Satgas Rehab–Rekon Aceh; Ketika Negara Hanya Hadir Simbolik

Avatar photo

“TIM media bapak” merilis kunjungan Mendagri Tito Karnavian yang juga ketua Satuan Tugas Rehabilitasi dan Rekonstruksi (Rehab–Rekon) Aceh dalam nada penuh sanjungan. Dituliskan Tito menghabiskan awal puasa Ramadhan bersama korban banjir di Aceh.

Sepintas, kehadiran itu terkesan sebagai bentuk kepedulian Pusat. Tapi, tunggu dulu! Apakah kehadiran pejabat di lokasi bencana seperti itu dengan seketika akan menyulap segalanya?

Logo Korpri

Nyatanya sudah menjelang tiga bulan usai bencana menerjang, kinerja Satgas tidak terlihat signifikan. Itu artinya bukan kunjungan lapangan yang diperlukan tapi kebijakan konkret menyelesaikan permasalahan.

Terlalu banyak dan sering turun ke daerah malah hanya bikin repot. Pimpinan daerah mau tidak mau harus menyediakan waktu untuk mendampingi pejabat pusat kemana-mana. Kalau tidak, nanti bisa dianggap kurang hormat dan sebagainya.

Bukan hanya tidak efektif. Kunjungan itu tentu saja menguras uang negara yang tidak sedikit jumlahnya.

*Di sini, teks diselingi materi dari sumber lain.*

section \<open>Attractors\<close>

locale spg =
  fixes VMax VMin T :: "'v::finite set" and E :: "('v \<times> 'v) set" and w :: "'v \<Rightarrow> 'v \<Rightarrow> int"
  assumes game: "sp_game VMax VMin T E"
begin

lemma VMax_iff: "x \<in> VMax \<longleftrightarrow> x \<notin> VMin \<and> x \<notin> T"
  using game unfolding sp_game_def by blast

lemma VMin_not_T: "x \<in> VMin \<Longrightarrow> x \<notin> T"
  using game unfolding sp_game_def by blast

lemma successor_exists: "x \<notin> T \<Longrightarrow> \<exists>y. (x, y) \<in> E"
  using game unfolding sp_game_def by blast

lemma play_edge_Max:
  assumes "det_strat VMax E \<tau>" and "play_vertex VMin \<sigma> \<tau> v n \<in> VMax"
  shows "(play_vertex VMin \<sigma> \<tau> v n, play_vertex VMin \<sigma> \<tau> v (Suc n)) \<in> E"
  using assms(2) VMax_iff spec[OF assms(1)[unfolded det_strat_def], of "play_hist VMin \<sigma> \<tau> v n"]
  by (simp add: play_vertex_Suc last_play_hist)

lemma play_edge:
  assumes "det_strat VMin E \<sigma>" and "det_strat VMax E \<tau>" and "play_vertex VMin \<sigma> \<tau> v n \<notin> T"
  shows "(play_vertex VMin \<sigma> \<tau> v n, play_vertex VMin \<sigma> \<tau> v (Suc n)) \<in> E"
proof (cases "play_vertex VMin \<sigma> \<tau> v n \<in> VMin")
  case True
  then show ?thesis
    using spec[OF assms(1)[unfolded det_strat_def], of "play_hist VMin \<sigma> \<tau> v n"]
    by (simp add: play_vertex_Suc last_play_hist)
next
  case False
  then show ?thesis using assms(2,3) play_edge_Max VMax_iff by blast
qed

Dalam konteks ini wajar jika diajukan pertanyaan: untuk apa juga laporan yang sudah disampaikan? Kenapa harus sering turun? Padahal turun juga tidak lebih sekedar pencitraan.

Dalam studi kebijakan publik, keberhasilan sebuah program tidak hanya ditentukan oleh seberapa baik kebijakan dirumuskan, tetapi bagaimana kebijakan tersebut diimplementasikan. Kasus kinerja Satuan Tugas Rehabilitasi dan Rekonstruksi (Rehab–Rekon) Aceh pascabanjir dan longsor menunjukkan persoalan klasik dalam administrasi publik: negara mampu merancang kebijakan secara normatif, tetapi gagal mengeksekusinya secara efektif.

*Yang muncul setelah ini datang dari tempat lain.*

(* For all probability measures $\mu_1,\mu_2$ on $E$ and all $s,t,T\in I$ with $0\le s\le s+1\le t\le T$, \[ \left\|\mu_1 K_{s,t}^T-\mu_2 K_{s,t}^T\right\|_{TV}\le \prod_{k=0}^{\lfloor t-s\rfloor-1}\bigl(1-d_{t-k}\bigr)\,\|\mu_1-\mu_2\|_{TV} \] and \[ \left\|\Phi_{s,t}(\mu_1)-\Phi_{s,t}(\mu_2)\right\|_{TV}\le 2\prod_{k=0}^{\lfloor t-s\rfloor-1}\bigl(1-d_{t-k}\bigr). \]
   Context: Let $I=[0,+\infty)$ or $I=\mathbb{N}$. Let $(X_t)_{t\in I}$ be a (possibly time-inhomogeneous) Markov process with values in a measurable space $(E,\mathcal E)$, defined on $(\Omega,(\mathcal F_{s,t})_{0\le s\le t\in I},\mathbb P)$, with $X_t$ being $\mathcal F_{s,r}$-measurable for all $s\le t\le r$. For $s\in I$ and a probability measure $\mu$ on $E$, $\mathbb P_{s,\mu}$ (resp. $\mathbb P_{s,x}$ when $\mu=\delta_x$) denotes the law of the process $(X_t)_{t\ge s}$ started at time $s$ with distribution $\mu$, and $\mathbb E_{s,\mu}$ the corresponding expectation. Let $\{Z_{s,t}: s\le t,\ s,t\in I\}$ be nonnegative random variables with $Z_{s,t}$ $\mathcal F_{s,t}$-measurable, multiplicative ($Z_{s,r}Z_{r,t}=Z_{s,t}$ for $s\le r\le t$), and such that $\mathbb E_{s,x}(Z_{s,t})>0$ and $\sup_{y\in E}\mathbb E_{s,y}(Z_{s,t})<\infty$ for all $s\le t$ in $I$ and $x\in E$. For a probability measure $\mu$ and $s\le t$, $\Phi_{s,t}(\mu)$ is the probability measure with $\Phi_{s,t}(\mu)(f)=\mathbb E_{s,\mu}(f(X_t)Z_{s,t})/\mathbb E_{s,\mu}(Z_{s,t})$ for bounded measurable $f$. For $s\in I$, $s\ge 1$, and $x_1,x_2\in E$, let $\nu_{s,x_1,x_2}=\min_{i=1,2}\Phi_{s-1,s}(\delta_{x_i})$ (the largest measure smaller than both measures) and \[ d_s=\inf_{t\ge 0,\ x_1,x_2\in E}\frac{\mathbb E_{s,\nu_{s,x_1,x_2}}(Z_{s,s+t})}{\sup_{x\in E}\mathbb E_{s,x}(Z_{s,s+t})},\] where $\mathbb E_{s,\nu}(\cdot)=\int\mathbb E_{s,x}(\cdot)\nu(dx)$ for a nonnegative measure $\nu$. For $0\le s\le t\le T$ and bounded measurable $f$, $K^T_{s,t}f(x)=\mathbb E_{s,x}(f(X_t)Z_{s,T})/\mathbb E_{s,x}(Z_{s,T})$ and $\mu K^T_{s,t}f=\int_E K^T_{s,t}f(x)\mu(dx)$. For a finite signed measure $\mu$, $\|\mu\|_{TV}=\sup_{A\in\mathcal E}\mu(A)-\inf_{A\in\mathcal E}\mu(A)$. *)

theory Defs
  imports "HOL-Probability.Probability"
begin

text \<open>Time is real-valued; the time set I is either [0,+oo) or the natural numbers
 (embedded into the reals).  The state space is a measurable space SE of type 'e measure,
 the underlying probability space Omega carries the measurable structure M, the
 (two-parameter) filtration is F s t (a sub-sigma-algebra of M), the process is X,
 the laws P s x (= P_{s,x}) are probability measures on M, and Z s t are the
 penalisation weights.\<close>

definition time_set :: "real set \<Rightarrow> bool" where
  "time_set I \<longleftrightarrow> I = {0..} \<or> I = range real"

definition penalized_markov ::
  "real set \<Rightarrow> 'e measure \<Rightarrow> 'w measure \<Rightarrow> (real \<Rightarrow> real \<Rightarrow> 'w measure)
   \<Rightarrow> (real \<Rightarrow> 'w \<Rightarrow> 'e) \<Rightarrow> (real \<Rightarrow> 'e \<Rightarrow> 'w measure)
   \<Rightarrow> (real \<Rightarrow> real \<Rightarrow> 'w \<Rightarrow> real) \<Rightarrow> bool" where
  "penalized_markov I SE M F X P Z \<longleftrightarrow>
     time_set I
   \<comment> \<open>filtration: sub-sigma-algebras of M, increasing in the interval [s,t]\<close>
   \<and> (\<forall>s\<in>I. \<forall>t\<in>I. s \<le> t \<longrightarrow> space (F s t) = space M \<and> sets (F s t) \<subseteq> sets M)
   \<and> (\<forall>s\<in>I. \<forall>s'\<in>I. \<forall>t'\<in>I. \<forall>t\<in>I. s \<le> s' \<and> s' \<le> t' \<and> t' \<le> t
        \<longrightarrow> sets (F s' t') \<subseteq> sets (F s t))
   \<comment> \<open>X_t is F_{s,r}-measurable for s <= t <= r\<close>
   \<and> (\<forall>s\<in>I. \<forall>t\<in>I. \<forall>r\<in>I. s \<le> t \<and> t \<le> r \<longrightarrow> X t \<in> measurable (F s r) SE)
   \<comment> \<open>P_{s,x} is a probability measure on Omega, measurable in x\<close>
   \<and> (\<forall>s\<in>I. P s \<in> measurable SE (prob_algebra M))
   \<comment> \<open>under P_{s,x} the process starts at x at time s\<close>
   \<and> (\<forall>s\<in>I. \<forall>x\<in>space SE. distr (P s x) SE (X s) = return SE x)
   \<comment> \<open>Markov property: E_{s,x}(G 1_A) = E_{s,x}(1_A E_{u,X_u}(G)) for A in F_{s,u}
       and G >= 0 F_{u,t}-measurable\<close>
   \<and> (\<forall>s\<in>I. \<forall>u\<in>I. \<forall>t\<in>I. \<forall>x\<in>space SE. \<forall>A\<in>sets (F s u).
        \<forall>G \<in> borel_measurable (F u t). s \<le> u \<and> u \<le> t \<longrightarrow>
        (\<integral>\<^sup>+\<omega>. indicator A \<omega> * G \<omega> \<partial>P s x)
        = (\<integral>\<^sup>+\<omega>. indicator A \<omega> * (\<integral>\<^sup>+\<omega>'. G \<omega>' \<partial>P u (X u \<omega>)) \<partial>P s x))
   \<comment> \<open>Z_{s,t} nonnegative, F_{s,t}-measurable, multiplicative\<close>
   \<and> (\<forall>s\<in>I. \<forall>t\<in>I. s \<le> t \<longrightarrow> Z s t \<in> borel_measurable (F s t) \<and> (\<forall>\<omega>. 0 \<le> Z s t \<omega>))
   \<and> (\<forall>s\<in>I. \<forall>r\<in>I. \<forall>t\<in>I. s \<le> r \<and> r \<le> t \<longrightarrow> (\<forall>\<omega>. Z s r \<omega> * Z r t \<omega> = Z s t \<omega>))
   \<comment> \<open>E_{s,x}(Z_{s,t}) > 0 and sup_y E_{s,y}(Z_{s,t}) < oo\<close>
   \<and> (\<forall>s\<in>I. \<forall>t\<in>I. s \<le> t \<longrightarrow>
        (\<forall>x\<in>space SE. 0 < (\<integral>\<^sup>+\<omega>. ennreal (Z s t \<omega>) \<partial>P s x))
      \<and> (SUP y\<in>space SE. \<integral>\<^sup>+\<omega>. ennreal (Z s t \<omega>) \<partial>P s y) < \<infinity>)"

definition Emu :: "(real \<Rightarrow> 'e \<Rightarrow> 'w measure) \<Rightarrow> real \<Rightarrow> 'e measure \<Rightarrow> ('w \<Rightarrow> ennreal) \<Rightarrow> ennreal" where
  "Emu P s \<mu> G = (\<integral>\<^sup>+x. (\<integral>\<^sup>+\<omega>. G \<omega> \<partial>P s x) \<partial>\<mu>)"

definition Phi ::
  "'e measure \<Rightarrow> (real \<Rightarrow> 'w \<Rightarrow> 'e) \<Rightarrow> (real \<Rightarrow> 'e \<Rightarrow> 'w measure)
   \<Rightarrow> (real \<Rightarrow> real \<Rightarrow> 'w \<Rightarrow> real) \<Rightarrow> real \<Rightarrow> real \<Rightarrow> 'e measure \<Rightarrow> 'e measure" where
  "Phi SE X P Z s t \<mu> = measure_of (space SE) (sets SE)
     (\<lambda>A. Emu P s \<mu> (\<lambda>\<omega>. indicator A (X t \<omega>) * ennreal (Z s t \<omega>))
          / Emu P s \<mu> (\<lambda>\<omega>. ennreal (Z s t \<omega>)))"

definition min_measure :: "'e measure \<Rightarrow> 'e measure \<Rightarrow> 'e measure \<Rightarrow> 'e measure" where
  "min_measure SE \<mu> \<nu> = (THE m. sets m = sets SE
      \<and> (\<forall>A\<in>sets SE. emeasure m A \<le> emeasure \<mu> A \<and> emeasure m A \<le> emeasure \<nu> A)
      \<and> (\<forall>m'. sets m' = sets SE
           \<and> (\<forall>A\<in>sets SE. emeasure m' A \<le> emeasure \<mu> A \<and> emeasure m' A \<le> emeasure \<nu> A)
           \<longrightarrow> (\<forall>A\<in>sets SE. emeasure m' A \<le> emeasure m A)))"

definition nu_meas ::
  "'e measure \<Rightarrow> (real \<Rightarrow> 'w \<Rightarrow> 'e) \<Rightarrow> (real \<Rightarrow> 'e \<Rightarrow> 'w measure)
   \<Rightarrow> (real \<Rightarrow> real \<Rightarrow> 'w \<Rightarrow> real) \<Rightarrow> real \<Rightarrow> 'e \<Rightarrow> 'e \<Rightarrow> 'e measure" where
  "nu_meas SE X P Z s x1 x2 = min_measure SE
      (Phi SE X P Z (s - 1) s (return SE x1)) (Phi SE X P Z (s - 1) s (return SE x2))"

definition d_coef ::
  "real set \<Rightarrow> 'e measure \<Rightarrow> (real \<Rightarrow> 'w \<Rightarrow> 'e) \<Rightarrow> (real \<Rightarrow> 'e \<Rightarrow> 'w measure)
   \<Rightarrow> (real \<Rightarrow> real \<Rightarrow> 'w \<Rightarrow> real) \<Rightarrow> real \<Rightarrow> real" where
  "d_coef I SE X P Z s = enn2real
     (INF t\<in>{t. 0 \<le> t \<and> s + t \<in> I}. INF x1\<in>space SE. INF x2\<in>space SE.
        Emu P s (nu_meas SE X P Z s x1 x2) (\<lambda>\<omega>. ennreal (Z s (s + t) \<omega>))
        / (SUP x\<in>space SE. \<integral>\<^sup>+\<omega>. ennreal (Z s (s + t) \<omega>) \<partial>P s x))"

Analisis ini dapat dijelaskan melalui kerangka policy implementation dan pendekatan collaborative governance, yang menekankan pentingnya koordinasi, kapasitas institusional, dan kejelasan otoritas dalam pelaksanaan kebijakan. Dari perspektif ini, persoalan utama Satgas Rehab–Rekon bukan pada absennya kebijakan, melainkan pada kegagalan implementasi.

Bukti Kegagalan di Lapangan

Dalam siklus manajemen bencana, terdapat tahapan yang jelas: tanggap darurat, rehabilitasi, dan rekonstruksi. Pada fase rehabilitasi dan rekonstruksi, fokus kebijakan seharusnya bergeser dari bantuan darurat menuju pemulihan permanen kehidupan sosial, ekonomi, dan infrastruktur masyarakat.

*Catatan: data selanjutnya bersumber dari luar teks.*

(* Let $\lambda>0$ and $X\sim\mathrm{ZTP}(\lambda)$. Then the Gini coefficient of $X$ is $$G = 1 - \frac{2e^{-\lambda}}{1-e^{-\lambda}}\int_0^\lambda I_0\big(2\sqrt{\lambda t}\big)\,e^{-t}\,dt + \frac{e^{-2\lambda}}{1-e^{-\lambda}}\, I_1(2\lambda).$$
   Context: A random variable $X$ has the zero-truncated Poisson distribution with parameter $\lambda>0$, written $X\sim\mathrm{ZTP}(\lambda)$, if $P_\lambda(k)=\mathbb{P}(X=k)=\frac{1}{1-e^{-\lambda}}\cdot\frac{e^{-\lambda}\lambda^k}{k!}$ for $k=1,2,\ldots$. Its mean is $\mu=\lambda/(1-e^{-\lambda})$. The Gini coefficient of a random variable $X$ with finite mean is $G=\frac12\,\mathbb{E}|X_1-X_2|/\mathbb{E}(X)$, where $X_1,X_2$ are independent copies of $X$. $I_\nu(z)=(z/2)^\nu\sum_{k\ge0}(z/2)^{2k}/[k!\,\Gamma(\nu+k+1)]$ is the modified Bessel function of the first kind of order $\nu$. *)

theory Defs
  imports "HOL-Probability.Probability"
begin

definition ztp_density :: "real \<Rightarrow> nat \<Rightarrow> real" where
  "ztp_density lam k =
     (if k \<ge> 1 then (1 / (1 - exp (- lam))) * (exp (- lam) * lam ^ k / fact k) else 0)"

definition ztp_pmf :: "real \<Rightarrow> nat pmf" where
  "ztp_pmf lam = embed_pmf (ztp_density lam)"

definition gini :: "nat pmf \<Rightarrow> real" where
  "gini p = (1/2) * measure_pmf.expectation (pair_pmf p p) (\<lambda>(a, b). \<bar>real a - real b\<bar>)
              / measure_pmf.expectation p real"

definition bessel_I :: "nat \<Rightarrow> real \<Rightarrow> real" where
  "bessel_I n z = (z/2) ^ n * (\<Sum>k. (z/2) ^ (2*k) / (fact k * Gamma (real n + real k + 1)))"

end

theory Submission
  imports Defs
begin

Namun, kondisi di Aceh menunjukkan gejala policy lag, yakni keterlambatan implementasi kebijakan. Hingga kini, masih terdapat penyintas yang bertahan di tenda darurat. Pembangunan hunian sementara (huntara) belum selesai sepenuhnya, dan yang lebih krusial, tidak tersedia sistem pelaporan progres yang transparan dan terintegrasi.

Fenomena ini mengindikasikan adanya kesenjangan antara kebijakan di atas kertas dan realitas di lapangan. Negara tampak hadir dalam dokumen kebijakan, tetapi tidak sepenuhnya hadir dalam tindakan nyata.

Satgas Tanpa Fungsi Eksekusi

Secara konseptual, satgas bentukan pemerintah pusat seharusnya berfungsi sebagai integrator kebijakan, yakni aktor yang mengoordinasikan, mengendalikan, sekaligus memastikan implementasi berjalan efektif. Namun, dalam praktiknya, Satgas Rehab–Rekon Aceh justru berperan lebih sebagai forum administratif daripada organ eksekutorial.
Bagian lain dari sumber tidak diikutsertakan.